──────── Record set ────────
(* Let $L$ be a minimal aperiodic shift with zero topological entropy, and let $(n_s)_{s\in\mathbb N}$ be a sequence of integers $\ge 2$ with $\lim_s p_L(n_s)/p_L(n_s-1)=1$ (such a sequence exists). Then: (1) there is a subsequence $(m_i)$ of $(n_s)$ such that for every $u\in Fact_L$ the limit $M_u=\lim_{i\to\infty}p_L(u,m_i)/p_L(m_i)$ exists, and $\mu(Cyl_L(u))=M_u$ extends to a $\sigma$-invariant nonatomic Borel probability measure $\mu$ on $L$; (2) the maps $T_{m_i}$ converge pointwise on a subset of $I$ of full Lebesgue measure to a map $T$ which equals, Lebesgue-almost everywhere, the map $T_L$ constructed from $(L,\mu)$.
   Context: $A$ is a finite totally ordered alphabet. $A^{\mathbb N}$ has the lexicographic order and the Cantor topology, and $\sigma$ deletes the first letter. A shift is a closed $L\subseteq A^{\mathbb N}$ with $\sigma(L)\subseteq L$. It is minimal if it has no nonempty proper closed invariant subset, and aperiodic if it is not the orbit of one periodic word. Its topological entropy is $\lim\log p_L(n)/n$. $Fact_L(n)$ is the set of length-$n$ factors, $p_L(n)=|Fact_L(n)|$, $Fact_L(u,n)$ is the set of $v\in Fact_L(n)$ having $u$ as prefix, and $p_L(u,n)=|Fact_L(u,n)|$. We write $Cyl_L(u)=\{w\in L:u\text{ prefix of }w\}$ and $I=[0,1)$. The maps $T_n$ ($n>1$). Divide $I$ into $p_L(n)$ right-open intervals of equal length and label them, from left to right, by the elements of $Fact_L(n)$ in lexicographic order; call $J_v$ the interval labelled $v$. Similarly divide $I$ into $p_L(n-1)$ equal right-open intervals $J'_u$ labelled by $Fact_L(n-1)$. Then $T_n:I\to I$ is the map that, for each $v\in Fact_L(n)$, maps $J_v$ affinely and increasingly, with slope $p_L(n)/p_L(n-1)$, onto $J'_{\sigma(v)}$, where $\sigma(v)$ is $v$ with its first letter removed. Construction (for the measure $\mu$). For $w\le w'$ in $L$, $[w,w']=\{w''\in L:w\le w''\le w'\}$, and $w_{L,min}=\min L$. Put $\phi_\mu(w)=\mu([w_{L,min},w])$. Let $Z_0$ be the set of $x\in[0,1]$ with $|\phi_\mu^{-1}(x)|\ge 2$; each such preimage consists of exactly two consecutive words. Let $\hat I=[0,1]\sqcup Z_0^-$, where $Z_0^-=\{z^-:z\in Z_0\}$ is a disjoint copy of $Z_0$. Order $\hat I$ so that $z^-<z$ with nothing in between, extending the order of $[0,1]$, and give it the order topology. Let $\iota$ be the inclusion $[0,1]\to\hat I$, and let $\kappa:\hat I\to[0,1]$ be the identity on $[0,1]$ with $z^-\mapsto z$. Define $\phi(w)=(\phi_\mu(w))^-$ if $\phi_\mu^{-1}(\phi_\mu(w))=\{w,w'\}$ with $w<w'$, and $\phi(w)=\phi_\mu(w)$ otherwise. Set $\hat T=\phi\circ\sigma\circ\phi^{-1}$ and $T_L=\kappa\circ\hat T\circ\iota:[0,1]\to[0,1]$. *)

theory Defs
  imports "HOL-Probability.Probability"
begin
────────
#### Your goal:
Reproduce exactly the lines from the one containing "theory Defs" through the last line of the records, both included, and nothing else.

#### Exercise answer:
theory Defs
  imports "HOL-Probability.Probability"
begin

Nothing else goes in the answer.